# Faster Growth for a Calvus



## baitfish2000 (Mar 11, 2005)

I have what I think is a female Black Ink Fin Calvus ( I think this because the LFS that sold it to me was pretty sure and the guy seems knowledgable and second is seems built slightly diff than my w Male Blk Ink Fins )

Question is how do I put some size on her ? I know they are slow growers - but there must be some formula / feed to maximize growth. She is a a 20 long with some dithers and a mix of fish that got chased out of other tanks. Fed 2x a day - Cichlid Flake ( Omega ) and Small NLS once each - 1x per week either bloodworms or brine shrimp...

Anything else I can add or change ?


----------



## shellies215 (Jan 7, 2011)

Keep the water extra clean, in a 20g, I would change 8-10 gal twice a week, and I would use mysis shrimp instead of bloodworms. These things will only make a minimal difference in growth, but it's the best you can do, they will still be slow growers no matter what you do.


----------



## Anthraxx8500 (Feb 11, 2011)

clean water and due dilegance. i know that given enough water changes discus can grow far larger then they might if they were in the wild. (i feel this is partially do to how often people do the water changes) lots of fresh water is obviously a great way to increase growth rates. i know hikari also does and some specific foods that are said to help increase growth. GL to ya.


----------



## Razzo (Oct 17, 2007)

25% water change 2x/week (I do not recommend 50% water changes).

Clean your filters & vacuum weekly.

Power feed 2 to 3x per day.

I suppose,... a larger tank size might help too.

That is about all you can control. Just enjoy them at the size they are at :wink:

Russ


----------



## BioG (Oct 12, 2008)

I'll echo what everyone said and add a bit. First, Mysis is good but I recommend using frozen mysis only because freeze dried expands once it's in the fish :wink:

Second, you can check out some other calvus growth threads but to sum up: Most of us who have kept many Altos and therefore have experience growing them have come to realize that, as much as food, water cleanliness, tank size have to do with calvus growth, some of them are just small. That is, some of them are from different, smaller lines.
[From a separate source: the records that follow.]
lemma pi_star_pull_order:
  assumes "lt \<in> LO_Z G \<iota>" and "\<psi> \<in> iso G G" and "\<psi> ` range \<iota> = range \<iota>"
    and "\<And>g. g \<in> carrier G \<Longrightarrow> \<phi> (p g) = p (\<psi> g)"
    and "\<gamma>1 \<in> carrier H" and "\<gamma>2 \<in> carrier H" and "\<gamma>3 \<in> carrier H"
  shows "pi_star G p \<iota> (pull_order \<psi> lt) \<gamma>1 \<gamma>2 \<gamma>3 = pi_star G p \<iota> lt (\<phi> \<gamma>1) (\<phi> \<gamma>2) (\<phi> \<gamma>3)"
proof (rule pi_star_eqI)
  have "{\<gamma>1, \<gamma>2, \<gamma>3} \<subseteq> carrier H"
    using assms(5-7) by simp
  with inj_on_induced_map[OF assms(2-4)] show "inj_on \<phi> {\<gamma>1, \<gamma>2, \<gamma>3}"
    by (rule inj_on_subset)
next
  fix x y
  assume "x \<in> {\<gamma>1, \<gamma>2, \<gamma>3}" and "y \<in> {\<gamma>1, \<gamma>2, \<gamma>3}"
  then have "x \<in> carrier H" and "y \<in> carrier H"
    using assms(5-7) by auto
  then show "pull_order \<psi> lt (std_lift G p \<iota> (pull_order \<psi> lt) x)
        (std_lift G p \<iota> (pull_order \<psi> lt) y)
      \<longleftrightarrow> lt (std_lift G p \<iota> lt (\<phi> x)) (std_lift G p \<iota> lt (\<phi> y))"
    by (simp only: pull_order_apply std_lift_pull_order[OF assms(1-4)])
qed

end

theorem lemma4p3:
  fixes G :: "('a, 'm) monoid_scheme" and H :: "('b, 'n) monoid_scheme"
    and p :: "'a \<Rightarrow> 'b" and iota :: "int \<Rightarrow> 'a"
    and phihat :: "'a \<Rightarrow> 'a" and phi :: "'b \<Rightarrow> 'b"
    and lt :: "'a \<Rightarrow> 'a \<Rightarrow> bool"
  assumes "group G" and "group H"
    and "p \<in> hom G H" and "p ` carrier G = carrier H"
    and "iota \<in> hom integer_group G" and "inj iota"
    and "kernel G H p = range iota"
    and "\<And>n g. g \<in> carrier G \<Longrightarrow> iota n \<otimes>\<^bsub>G\<^esub> g = g \<otimes>\<^bsub>G\<^esub> iota n"
    and "phihat \<in> iso G G" and "phihat ` range iota = range iota"
    and "\<And>g. g \<in> carrier G \<Longrightarrow> phi (p g) = p (phihat g)"
    and "lt \<in> LO_Z G iota"
  shows "pull_order phihat lt \<in> LO_Z G iota \<and>
    (\<forall>\<gamma>1\<in>carrier H. \<forall>\<gamma>2\<in>carrier H. \<forall>\<gamma>3\<in>carrier H.
       pi_star G p iota (pull_order phihat lt) \<gamma>1 \<gamma>2 \<gamma>3
       = pull_circ phi (pi_star G p iota lt) \<gamma>1 \<gamma>2 \<gamma>3)"
proof -
  interpret int_extension G H p iota
    using assms(1-7)
    unfolding int_extension_def int_extension_axioms_def group_hom_def group_hom_axioms_def
    by blast
  have hom: "phihat \<in> hom G G" and inj: "inj_on phihat (carrier G)"
    using assms(9) unfolding iso_def bij_betw_def by auto
  have "pull_order phihat lt \<in> LO_Z G iota"
    using LO_Z_pull_order[OF assms(12) hom inj] assms(10) by simp
  then show ?thesis
    using pi_star_pull_order[OF assms(12,9,10,11)] by (simp add: pull_circ_def)
qed

end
I have a smaller male and female. The male is 3.5 inches, the female 2 inches. They're both between 7-10 years old. To contrast I have a White Calvus male at the same age who is 5 inches and a Black Pec Calvus at 6 in (Not sure how old cause wild).

Jut like people, their body styles are different :thumb:

I think your best bet is what russ said: "Enjoy the at the size they
re at" Unless you're growing her out to eat! :lol:


----------



## dmiller328 (Nov 17, 2008)

Buy a wild full grown adult


----------